**Dataset**

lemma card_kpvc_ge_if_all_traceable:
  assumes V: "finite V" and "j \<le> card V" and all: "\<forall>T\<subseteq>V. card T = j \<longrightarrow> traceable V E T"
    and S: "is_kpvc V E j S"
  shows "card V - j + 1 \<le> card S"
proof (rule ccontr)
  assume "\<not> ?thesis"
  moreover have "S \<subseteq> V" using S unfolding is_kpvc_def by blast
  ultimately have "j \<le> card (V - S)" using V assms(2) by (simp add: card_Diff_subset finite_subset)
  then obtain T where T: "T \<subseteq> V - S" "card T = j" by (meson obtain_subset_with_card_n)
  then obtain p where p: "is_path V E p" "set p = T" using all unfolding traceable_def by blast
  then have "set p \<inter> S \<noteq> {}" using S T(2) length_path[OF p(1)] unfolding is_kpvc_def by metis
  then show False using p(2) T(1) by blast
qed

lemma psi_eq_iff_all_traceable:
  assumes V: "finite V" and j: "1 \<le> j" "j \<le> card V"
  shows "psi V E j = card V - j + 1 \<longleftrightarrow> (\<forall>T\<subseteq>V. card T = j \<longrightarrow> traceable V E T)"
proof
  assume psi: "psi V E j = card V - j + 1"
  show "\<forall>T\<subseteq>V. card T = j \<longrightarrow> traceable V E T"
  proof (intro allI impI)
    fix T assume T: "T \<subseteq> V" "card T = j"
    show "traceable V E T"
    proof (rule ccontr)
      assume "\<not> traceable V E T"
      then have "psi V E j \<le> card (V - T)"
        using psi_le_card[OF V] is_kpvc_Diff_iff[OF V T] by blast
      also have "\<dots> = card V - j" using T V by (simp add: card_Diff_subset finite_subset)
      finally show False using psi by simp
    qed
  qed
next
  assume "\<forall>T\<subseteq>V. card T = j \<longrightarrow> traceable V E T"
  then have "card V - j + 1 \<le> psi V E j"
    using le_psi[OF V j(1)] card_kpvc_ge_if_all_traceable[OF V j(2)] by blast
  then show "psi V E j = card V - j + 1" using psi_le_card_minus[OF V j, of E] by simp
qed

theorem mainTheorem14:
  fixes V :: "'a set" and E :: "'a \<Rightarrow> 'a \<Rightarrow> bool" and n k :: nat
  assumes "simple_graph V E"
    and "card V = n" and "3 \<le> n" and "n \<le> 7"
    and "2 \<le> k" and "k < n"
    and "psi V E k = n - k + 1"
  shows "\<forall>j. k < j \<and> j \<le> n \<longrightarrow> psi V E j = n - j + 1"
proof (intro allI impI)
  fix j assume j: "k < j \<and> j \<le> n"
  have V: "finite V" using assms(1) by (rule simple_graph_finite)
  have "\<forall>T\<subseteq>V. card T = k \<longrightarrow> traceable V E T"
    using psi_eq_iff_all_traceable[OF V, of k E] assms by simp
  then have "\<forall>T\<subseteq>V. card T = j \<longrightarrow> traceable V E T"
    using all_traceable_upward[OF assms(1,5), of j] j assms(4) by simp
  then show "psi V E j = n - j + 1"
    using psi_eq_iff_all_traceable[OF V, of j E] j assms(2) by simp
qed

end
...
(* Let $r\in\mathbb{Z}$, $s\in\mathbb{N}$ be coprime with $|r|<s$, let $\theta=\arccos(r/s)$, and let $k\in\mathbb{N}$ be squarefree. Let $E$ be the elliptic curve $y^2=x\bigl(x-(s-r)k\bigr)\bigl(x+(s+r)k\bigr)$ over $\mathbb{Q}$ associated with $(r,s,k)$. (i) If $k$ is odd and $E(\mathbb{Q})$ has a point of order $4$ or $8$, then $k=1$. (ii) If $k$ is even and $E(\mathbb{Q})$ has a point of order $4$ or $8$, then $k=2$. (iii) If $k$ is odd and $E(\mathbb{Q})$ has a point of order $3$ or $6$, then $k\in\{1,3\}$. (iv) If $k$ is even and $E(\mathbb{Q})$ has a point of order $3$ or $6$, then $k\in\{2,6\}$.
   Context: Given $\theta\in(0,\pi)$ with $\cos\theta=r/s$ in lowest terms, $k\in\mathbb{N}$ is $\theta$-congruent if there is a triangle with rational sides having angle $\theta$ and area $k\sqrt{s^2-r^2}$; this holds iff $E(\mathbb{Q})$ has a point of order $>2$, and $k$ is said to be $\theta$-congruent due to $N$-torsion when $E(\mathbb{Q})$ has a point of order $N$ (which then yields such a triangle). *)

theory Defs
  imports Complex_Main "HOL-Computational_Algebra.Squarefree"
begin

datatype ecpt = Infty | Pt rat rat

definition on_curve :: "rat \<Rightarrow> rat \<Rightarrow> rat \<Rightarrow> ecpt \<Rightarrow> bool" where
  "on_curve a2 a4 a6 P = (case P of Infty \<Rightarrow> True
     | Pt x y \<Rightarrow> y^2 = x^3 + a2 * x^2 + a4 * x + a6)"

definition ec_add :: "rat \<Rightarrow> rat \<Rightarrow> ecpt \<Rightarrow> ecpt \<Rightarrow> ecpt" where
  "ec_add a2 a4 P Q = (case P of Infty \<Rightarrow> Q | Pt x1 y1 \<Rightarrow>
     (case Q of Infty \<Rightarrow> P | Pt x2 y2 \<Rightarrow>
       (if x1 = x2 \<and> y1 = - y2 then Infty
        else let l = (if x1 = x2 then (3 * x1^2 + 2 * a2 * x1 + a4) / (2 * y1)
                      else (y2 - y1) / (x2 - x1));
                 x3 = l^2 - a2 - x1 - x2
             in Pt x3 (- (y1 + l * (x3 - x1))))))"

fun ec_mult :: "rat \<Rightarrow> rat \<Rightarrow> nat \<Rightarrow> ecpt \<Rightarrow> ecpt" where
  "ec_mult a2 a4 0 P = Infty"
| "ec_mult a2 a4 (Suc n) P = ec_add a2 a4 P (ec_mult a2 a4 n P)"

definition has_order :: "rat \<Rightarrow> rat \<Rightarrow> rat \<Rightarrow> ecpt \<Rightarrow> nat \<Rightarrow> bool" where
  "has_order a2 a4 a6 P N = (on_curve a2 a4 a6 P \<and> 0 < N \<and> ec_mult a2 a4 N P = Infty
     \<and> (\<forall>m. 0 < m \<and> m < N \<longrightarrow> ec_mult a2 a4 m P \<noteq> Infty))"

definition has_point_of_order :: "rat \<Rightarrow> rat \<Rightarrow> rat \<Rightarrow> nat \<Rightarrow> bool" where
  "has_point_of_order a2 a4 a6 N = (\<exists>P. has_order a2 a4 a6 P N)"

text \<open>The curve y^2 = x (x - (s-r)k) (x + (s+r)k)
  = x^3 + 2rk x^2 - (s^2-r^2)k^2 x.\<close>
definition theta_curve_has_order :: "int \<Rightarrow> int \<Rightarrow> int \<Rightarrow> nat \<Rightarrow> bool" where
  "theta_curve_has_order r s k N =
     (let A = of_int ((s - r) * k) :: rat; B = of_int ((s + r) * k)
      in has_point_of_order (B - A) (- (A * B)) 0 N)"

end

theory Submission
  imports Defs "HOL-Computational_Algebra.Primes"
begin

**Your assignment**
Show, from the records above, every line that includes "where".

**Solution to this problem**
  then obtain T where T: "T \<subseteq> V - S" "card T = j" by (meson obtain_subset_with_card_n)
  then obtain p where p: "is_path V E p" "set p = T" using all unfolding traceable_def by blast
definition on_curve :: "rat \<Rightarrow> rat \<Rightarrow> rat \<Rightarrow> ecpt \<Rightarrow> bool" where
definition ec_add :: "rat \<Rightarrow> rat \<Rightarrow> ecpt \<Rightarrow> ecpt \<Rightarrow> ecpt" where
fun ec_mult :: "rat \<Rightarrow> rat \<Rightarrow> nat \<Rightarrow> ecpt \<Rightarrow> ecpt" where
definition has_order :: "rat \<Rightarrow> rat \<Rightarrow> rat \<Rightarrow> ecpt \<Rightarrow> nat \<Rightarrow> bool" where
definition has_point_of_order :: "rat \<Rightarrow> rat \<Rightarrow> rat \<Rightarrow> nat \<Rightarrow> bool" where
definition theta_curve_has_order :: "int \<Rightarrow> int \<Rightarrow> int \<Rightarrow> nat \<Rightarrow> bool" where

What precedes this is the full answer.